→ **TASK INSTRUCTIONS**
Would you work out how many lines below include the word "imports"? Only that number is wanted.

→ **TASK INPUT**
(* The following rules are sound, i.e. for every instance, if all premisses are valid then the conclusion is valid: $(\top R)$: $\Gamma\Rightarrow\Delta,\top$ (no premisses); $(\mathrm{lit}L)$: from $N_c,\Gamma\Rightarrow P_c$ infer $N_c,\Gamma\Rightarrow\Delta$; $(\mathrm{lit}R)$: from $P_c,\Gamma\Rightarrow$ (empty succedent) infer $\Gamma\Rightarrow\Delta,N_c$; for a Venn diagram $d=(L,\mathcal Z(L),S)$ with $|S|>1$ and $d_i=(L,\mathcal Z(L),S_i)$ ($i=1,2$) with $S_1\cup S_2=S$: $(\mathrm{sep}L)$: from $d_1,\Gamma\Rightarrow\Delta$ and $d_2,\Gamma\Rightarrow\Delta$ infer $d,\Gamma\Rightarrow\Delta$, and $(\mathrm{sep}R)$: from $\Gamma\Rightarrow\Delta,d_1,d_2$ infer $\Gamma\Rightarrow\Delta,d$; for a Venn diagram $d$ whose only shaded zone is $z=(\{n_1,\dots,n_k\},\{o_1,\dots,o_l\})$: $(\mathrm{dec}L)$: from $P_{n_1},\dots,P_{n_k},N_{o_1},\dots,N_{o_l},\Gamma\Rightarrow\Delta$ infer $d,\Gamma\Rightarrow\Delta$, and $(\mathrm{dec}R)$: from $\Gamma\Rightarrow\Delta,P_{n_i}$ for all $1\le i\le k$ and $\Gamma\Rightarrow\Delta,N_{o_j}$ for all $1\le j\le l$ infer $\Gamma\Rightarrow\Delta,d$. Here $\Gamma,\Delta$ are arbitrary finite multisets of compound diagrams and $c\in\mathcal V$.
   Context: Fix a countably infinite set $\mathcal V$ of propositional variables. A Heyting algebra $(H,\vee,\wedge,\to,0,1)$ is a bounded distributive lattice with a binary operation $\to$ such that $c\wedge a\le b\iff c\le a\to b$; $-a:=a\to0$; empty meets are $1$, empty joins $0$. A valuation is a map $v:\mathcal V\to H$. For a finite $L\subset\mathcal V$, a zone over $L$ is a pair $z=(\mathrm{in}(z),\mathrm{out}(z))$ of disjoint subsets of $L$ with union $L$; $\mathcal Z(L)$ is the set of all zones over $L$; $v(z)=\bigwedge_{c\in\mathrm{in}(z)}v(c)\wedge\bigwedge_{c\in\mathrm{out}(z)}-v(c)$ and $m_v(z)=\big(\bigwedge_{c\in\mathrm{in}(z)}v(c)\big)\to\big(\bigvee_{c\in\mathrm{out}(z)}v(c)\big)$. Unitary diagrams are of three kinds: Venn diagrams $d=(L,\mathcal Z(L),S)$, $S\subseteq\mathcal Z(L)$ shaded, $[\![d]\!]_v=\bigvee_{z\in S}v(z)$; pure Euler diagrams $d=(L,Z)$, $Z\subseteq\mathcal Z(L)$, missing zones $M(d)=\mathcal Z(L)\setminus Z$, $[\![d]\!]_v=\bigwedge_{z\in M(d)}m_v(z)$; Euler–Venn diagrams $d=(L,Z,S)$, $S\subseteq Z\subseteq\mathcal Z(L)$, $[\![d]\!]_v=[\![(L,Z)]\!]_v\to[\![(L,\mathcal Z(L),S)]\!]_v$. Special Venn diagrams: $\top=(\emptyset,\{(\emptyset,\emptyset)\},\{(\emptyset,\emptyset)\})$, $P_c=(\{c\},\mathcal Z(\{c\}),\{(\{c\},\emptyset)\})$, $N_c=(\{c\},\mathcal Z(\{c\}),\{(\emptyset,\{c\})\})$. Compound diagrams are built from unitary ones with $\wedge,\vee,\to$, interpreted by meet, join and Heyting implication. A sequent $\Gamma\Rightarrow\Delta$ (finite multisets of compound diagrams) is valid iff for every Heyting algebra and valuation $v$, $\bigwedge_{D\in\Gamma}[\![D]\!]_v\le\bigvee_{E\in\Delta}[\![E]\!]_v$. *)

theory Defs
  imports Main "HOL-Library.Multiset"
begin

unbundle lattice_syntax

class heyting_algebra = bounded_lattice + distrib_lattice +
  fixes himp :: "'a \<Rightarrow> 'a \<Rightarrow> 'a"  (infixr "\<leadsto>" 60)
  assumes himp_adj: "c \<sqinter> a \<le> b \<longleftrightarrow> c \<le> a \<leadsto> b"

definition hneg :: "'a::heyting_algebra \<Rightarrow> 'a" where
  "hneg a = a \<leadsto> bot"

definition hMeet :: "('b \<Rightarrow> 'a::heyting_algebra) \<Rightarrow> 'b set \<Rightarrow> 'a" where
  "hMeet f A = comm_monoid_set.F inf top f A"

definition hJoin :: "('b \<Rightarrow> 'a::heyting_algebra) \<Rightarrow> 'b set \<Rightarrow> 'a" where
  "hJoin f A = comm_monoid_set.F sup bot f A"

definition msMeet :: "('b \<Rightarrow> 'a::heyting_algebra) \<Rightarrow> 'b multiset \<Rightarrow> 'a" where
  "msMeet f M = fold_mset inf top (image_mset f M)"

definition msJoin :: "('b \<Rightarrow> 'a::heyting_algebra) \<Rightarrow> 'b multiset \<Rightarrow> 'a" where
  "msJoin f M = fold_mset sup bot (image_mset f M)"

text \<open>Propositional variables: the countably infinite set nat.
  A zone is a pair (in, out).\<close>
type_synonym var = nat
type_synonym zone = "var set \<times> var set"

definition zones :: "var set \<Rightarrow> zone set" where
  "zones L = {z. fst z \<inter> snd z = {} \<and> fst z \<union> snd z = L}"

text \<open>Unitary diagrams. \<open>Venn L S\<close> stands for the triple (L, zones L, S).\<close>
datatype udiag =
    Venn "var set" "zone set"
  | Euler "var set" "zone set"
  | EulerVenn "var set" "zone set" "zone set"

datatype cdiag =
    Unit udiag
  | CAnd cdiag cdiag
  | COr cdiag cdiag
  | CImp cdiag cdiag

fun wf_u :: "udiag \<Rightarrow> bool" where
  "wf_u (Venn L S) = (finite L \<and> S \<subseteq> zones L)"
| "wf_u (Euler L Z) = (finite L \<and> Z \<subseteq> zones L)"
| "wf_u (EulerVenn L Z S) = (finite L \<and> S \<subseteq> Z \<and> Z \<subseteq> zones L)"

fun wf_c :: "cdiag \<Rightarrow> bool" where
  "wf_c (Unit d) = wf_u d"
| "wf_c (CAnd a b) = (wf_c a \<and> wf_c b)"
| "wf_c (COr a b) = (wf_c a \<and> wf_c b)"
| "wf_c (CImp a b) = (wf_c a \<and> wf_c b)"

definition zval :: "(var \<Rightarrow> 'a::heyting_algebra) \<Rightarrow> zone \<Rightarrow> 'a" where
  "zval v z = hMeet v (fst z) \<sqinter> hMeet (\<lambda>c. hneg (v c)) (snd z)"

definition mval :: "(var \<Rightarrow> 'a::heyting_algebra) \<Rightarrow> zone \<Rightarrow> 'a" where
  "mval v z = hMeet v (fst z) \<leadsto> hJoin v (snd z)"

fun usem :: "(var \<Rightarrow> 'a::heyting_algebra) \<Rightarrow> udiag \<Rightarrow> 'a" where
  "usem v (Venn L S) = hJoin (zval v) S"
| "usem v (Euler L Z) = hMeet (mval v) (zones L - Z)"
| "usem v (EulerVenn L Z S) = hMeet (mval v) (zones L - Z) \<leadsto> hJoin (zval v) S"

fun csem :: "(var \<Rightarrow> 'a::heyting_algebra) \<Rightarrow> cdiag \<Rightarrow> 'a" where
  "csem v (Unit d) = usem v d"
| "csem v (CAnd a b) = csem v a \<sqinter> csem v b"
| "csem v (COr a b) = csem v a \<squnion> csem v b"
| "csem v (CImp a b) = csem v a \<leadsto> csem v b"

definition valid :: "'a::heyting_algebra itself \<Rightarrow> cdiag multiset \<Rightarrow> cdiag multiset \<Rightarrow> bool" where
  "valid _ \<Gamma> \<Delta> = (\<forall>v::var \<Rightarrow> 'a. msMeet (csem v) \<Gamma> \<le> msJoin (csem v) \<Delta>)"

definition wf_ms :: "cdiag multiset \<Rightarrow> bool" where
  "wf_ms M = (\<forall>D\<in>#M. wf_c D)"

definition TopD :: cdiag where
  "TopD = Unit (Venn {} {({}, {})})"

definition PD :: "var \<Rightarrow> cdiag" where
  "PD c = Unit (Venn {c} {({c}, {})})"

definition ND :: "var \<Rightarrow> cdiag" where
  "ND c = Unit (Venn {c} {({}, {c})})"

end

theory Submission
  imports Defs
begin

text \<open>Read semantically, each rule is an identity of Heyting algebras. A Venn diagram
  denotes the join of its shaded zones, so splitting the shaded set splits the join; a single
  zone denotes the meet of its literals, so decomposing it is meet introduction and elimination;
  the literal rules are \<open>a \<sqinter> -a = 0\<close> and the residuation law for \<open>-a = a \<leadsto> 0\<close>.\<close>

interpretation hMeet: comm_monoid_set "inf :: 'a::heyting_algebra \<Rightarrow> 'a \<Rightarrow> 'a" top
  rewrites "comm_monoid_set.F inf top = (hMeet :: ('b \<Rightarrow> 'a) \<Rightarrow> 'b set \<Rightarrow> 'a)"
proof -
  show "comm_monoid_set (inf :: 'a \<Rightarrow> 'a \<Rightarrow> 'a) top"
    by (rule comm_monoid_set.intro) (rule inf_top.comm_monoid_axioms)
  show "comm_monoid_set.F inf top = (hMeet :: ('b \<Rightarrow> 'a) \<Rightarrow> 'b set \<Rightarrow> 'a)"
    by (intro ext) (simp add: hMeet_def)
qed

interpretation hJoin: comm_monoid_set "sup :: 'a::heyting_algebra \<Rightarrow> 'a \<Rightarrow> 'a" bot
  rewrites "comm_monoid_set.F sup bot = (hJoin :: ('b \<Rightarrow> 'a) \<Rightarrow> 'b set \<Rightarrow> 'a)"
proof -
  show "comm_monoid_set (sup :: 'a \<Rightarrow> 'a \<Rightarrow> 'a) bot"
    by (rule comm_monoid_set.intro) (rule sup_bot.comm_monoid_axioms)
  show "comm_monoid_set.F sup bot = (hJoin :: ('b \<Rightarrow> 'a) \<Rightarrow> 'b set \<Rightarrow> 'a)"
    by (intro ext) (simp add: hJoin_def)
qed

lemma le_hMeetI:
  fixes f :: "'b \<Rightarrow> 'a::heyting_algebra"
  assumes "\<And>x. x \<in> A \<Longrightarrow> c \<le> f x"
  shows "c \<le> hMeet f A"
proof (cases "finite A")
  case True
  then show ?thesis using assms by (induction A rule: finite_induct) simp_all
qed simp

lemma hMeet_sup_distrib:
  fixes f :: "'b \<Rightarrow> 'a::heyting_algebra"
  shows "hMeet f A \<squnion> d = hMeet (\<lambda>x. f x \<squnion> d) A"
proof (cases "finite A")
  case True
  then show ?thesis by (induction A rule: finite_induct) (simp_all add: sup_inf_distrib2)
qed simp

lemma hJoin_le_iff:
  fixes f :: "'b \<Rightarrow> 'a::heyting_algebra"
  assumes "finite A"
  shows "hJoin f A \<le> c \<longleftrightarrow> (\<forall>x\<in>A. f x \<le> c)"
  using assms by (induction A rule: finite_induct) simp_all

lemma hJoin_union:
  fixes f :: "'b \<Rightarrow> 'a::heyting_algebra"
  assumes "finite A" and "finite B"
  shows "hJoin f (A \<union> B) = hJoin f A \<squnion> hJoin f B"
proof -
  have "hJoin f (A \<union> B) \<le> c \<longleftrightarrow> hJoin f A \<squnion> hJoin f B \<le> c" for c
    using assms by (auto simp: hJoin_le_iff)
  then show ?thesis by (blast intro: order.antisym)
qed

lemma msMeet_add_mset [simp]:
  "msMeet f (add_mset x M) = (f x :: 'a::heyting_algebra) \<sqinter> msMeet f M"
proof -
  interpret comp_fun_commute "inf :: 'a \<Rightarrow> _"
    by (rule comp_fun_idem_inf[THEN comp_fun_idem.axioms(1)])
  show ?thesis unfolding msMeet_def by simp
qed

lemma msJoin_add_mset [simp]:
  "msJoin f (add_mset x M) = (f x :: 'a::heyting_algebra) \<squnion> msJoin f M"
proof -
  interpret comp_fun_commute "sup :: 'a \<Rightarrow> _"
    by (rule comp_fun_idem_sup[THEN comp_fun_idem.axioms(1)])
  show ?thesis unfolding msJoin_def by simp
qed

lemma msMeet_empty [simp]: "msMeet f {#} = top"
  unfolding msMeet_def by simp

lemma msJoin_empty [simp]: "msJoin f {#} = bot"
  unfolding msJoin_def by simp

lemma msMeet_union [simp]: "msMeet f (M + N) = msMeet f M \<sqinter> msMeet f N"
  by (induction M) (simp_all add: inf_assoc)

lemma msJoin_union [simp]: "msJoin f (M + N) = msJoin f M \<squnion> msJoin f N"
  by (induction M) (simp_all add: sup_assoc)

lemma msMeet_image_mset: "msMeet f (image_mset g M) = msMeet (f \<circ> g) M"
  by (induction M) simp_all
---
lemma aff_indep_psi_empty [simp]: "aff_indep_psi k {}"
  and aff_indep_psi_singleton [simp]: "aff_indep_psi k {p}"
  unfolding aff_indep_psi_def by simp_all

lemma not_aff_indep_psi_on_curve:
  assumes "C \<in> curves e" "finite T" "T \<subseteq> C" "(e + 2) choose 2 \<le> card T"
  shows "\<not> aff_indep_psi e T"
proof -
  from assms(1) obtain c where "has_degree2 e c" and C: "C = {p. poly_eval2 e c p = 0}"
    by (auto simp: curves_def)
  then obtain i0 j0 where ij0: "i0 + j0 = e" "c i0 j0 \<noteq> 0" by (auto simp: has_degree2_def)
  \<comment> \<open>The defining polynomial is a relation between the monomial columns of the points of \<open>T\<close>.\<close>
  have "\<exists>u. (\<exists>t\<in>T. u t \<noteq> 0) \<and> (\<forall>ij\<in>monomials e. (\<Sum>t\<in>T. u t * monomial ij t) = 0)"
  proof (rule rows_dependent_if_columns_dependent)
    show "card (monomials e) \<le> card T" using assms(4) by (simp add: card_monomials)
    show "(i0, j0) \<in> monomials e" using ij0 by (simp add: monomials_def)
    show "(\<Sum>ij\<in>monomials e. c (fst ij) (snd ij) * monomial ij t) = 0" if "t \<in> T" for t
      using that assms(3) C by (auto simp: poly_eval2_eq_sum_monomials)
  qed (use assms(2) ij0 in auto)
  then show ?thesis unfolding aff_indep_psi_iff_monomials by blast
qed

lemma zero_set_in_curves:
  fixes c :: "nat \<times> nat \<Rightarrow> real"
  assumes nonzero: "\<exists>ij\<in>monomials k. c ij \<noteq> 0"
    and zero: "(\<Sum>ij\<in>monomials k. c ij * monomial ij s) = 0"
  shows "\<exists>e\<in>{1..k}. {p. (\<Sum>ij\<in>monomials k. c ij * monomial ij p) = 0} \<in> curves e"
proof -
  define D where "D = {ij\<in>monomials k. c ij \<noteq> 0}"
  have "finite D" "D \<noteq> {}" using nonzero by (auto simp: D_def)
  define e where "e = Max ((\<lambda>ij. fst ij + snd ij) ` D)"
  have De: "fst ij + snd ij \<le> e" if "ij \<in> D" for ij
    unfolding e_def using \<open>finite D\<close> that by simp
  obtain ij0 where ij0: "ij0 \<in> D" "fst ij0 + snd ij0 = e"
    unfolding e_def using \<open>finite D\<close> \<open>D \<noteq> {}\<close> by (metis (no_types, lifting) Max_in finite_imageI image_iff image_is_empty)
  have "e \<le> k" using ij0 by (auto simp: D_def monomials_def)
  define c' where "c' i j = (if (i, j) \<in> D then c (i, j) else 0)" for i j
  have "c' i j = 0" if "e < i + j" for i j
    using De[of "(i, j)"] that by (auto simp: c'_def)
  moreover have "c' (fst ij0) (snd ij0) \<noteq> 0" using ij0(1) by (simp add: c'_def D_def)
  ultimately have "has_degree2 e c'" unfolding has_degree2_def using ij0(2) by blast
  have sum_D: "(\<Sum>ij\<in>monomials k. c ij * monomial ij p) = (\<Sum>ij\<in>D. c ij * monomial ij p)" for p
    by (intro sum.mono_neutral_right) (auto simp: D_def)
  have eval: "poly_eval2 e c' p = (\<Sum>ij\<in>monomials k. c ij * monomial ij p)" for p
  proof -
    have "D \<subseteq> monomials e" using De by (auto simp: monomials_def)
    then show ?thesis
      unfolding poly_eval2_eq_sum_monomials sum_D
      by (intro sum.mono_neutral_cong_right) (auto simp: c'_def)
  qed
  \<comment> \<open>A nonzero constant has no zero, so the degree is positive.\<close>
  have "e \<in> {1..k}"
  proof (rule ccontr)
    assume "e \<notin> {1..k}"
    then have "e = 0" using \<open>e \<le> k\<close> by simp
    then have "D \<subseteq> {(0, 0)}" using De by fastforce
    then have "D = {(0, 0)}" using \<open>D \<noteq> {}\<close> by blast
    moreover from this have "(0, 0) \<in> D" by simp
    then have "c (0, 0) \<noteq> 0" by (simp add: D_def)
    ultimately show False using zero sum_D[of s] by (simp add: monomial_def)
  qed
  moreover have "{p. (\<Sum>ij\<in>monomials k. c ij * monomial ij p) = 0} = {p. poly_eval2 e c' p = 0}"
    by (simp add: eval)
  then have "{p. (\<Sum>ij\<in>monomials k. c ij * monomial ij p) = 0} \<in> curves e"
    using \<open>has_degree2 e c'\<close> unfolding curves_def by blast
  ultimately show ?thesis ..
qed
* * *
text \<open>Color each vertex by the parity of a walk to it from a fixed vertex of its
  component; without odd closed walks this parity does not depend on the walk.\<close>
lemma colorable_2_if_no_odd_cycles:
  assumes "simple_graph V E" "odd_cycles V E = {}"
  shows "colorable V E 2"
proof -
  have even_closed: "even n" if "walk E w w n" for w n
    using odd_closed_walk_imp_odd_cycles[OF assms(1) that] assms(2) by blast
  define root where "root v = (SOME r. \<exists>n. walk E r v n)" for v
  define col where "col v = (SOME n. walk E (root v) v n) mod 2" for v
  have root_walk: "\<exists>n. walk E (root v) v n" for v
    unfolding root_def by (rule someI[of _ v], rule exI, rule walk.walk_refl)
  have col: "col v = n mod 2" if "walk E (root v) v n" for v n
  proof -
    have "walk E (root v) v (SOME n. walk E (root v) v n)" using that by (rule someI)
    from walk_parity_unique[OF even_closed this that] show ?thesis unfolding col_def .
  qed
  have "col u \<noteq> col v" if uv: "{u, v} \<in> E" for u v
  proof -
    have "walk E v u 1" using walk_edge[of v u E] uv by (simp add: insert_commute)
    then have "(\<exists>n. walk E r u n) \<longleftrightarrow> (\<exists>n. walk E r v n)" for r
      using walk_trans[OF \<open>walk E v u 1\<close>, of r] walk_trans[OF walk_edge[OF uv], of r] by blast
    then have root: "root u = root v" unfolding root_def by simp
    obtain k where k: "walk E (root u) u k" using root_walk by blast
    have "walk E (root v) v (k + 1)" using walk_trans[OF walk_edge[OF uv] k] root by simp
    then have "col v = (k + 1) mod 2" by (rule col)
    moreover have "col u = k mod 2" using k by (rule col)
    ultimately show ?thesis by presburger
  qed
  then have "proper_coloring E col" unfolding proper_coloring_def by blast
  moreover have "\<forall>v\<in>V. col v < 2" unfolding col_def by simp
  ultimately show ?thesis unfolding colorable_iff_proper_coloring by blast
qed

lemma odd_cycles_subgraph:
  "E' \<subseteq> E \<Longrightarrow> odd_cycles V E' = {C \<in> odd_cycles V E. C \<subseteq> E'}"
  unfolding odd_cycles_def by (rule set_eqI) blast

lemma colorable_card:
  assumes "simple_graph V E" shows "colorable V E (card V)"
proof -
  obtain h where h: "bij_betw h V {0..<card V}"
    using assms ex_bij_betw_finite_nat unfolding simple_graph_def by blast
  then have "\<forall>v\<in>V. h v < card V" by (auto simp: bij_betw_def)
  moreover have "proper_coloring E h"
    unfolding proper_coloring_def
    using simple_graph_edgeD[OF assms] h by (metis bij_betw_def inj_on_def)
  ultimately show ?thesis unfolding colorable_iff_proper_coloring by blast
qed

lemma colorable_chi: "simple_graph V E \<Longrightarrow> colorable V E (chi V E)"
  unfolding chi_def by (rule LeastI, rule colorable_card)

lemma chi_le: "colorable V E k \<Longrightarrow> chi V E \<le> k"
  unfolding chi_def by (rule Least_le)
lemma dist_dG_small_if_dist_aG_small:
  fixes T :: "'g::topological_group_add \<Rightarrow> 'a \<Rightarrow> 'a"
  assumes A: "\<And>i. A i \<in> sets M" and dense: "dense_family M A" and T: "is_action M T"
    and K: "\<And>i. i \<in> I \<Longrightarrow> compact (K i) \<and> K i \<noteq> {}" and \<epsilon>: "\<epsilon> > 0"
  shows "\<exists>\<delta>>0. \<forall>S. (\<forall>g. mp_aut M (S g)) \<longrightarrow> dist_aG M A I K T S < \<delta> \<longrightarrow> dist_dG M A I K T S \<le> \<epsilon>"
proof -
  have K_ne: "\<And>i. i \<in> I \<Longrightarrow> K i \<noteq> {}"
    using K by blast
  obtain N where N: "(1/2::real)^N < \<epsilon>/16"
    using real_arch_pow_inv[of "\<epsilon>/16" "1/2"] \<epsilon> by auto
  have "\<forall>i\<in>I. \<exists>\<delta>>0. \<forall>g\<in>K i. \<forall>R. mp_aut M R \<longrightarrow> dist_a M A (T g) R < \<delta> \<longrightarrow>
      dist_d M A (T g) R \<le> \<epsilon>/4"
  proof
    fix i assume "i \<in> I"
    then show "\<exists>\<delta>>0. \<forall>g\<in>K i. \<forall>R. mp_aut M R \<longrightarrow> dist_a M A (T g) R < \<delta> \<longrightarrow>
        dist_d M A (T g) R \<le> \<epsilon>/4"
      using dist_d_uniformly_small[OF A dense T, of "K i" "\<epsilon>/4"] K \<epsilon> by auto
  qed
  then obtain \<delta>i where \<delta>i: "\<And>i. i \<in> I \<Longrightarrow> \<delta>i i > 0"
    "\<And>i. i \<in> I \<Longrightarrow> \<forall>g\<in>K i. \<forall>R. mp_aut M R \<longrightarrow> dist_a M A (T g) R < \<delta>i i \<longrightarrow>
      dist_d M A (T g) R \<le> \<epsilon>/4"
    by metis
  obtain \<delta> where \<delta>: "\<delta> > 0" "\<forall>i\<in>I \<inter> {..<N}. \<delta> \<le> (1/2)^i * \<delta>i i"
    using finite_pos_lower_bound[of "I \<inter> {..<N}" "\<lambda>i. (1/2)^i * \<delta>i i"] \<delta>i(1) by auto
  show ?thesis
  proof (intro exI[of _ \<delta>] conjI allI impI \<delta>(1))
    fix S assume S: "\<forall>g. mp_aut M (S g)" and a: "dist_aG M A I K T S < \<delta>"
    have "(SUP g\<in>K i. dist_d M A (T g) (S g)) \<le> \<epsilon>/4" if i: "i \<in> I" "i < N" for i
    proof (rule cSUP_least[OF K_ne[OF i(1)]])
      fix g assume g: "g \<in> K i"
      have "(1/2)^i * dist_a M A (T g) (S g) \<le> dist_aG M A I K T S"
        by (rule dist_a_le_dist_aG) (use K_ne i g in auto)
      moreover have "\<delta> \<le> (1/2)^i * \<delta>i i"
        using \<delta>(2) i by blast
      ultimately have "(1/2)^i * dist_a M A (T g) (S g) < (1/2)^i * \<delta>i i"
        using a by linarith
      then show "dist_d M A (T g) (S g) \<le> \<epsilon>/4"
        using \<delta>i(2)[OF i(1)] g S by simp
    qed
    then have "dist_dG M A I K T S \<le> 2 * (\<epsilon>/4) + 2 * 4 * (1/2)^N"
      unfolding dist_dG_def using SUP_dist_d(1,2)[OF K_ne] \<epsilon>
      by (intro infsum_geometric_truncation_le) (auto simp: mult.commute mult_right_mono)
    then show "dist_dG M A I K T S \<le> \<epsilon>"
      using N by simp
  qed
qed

→ **EXERCISE RESPONSE**
2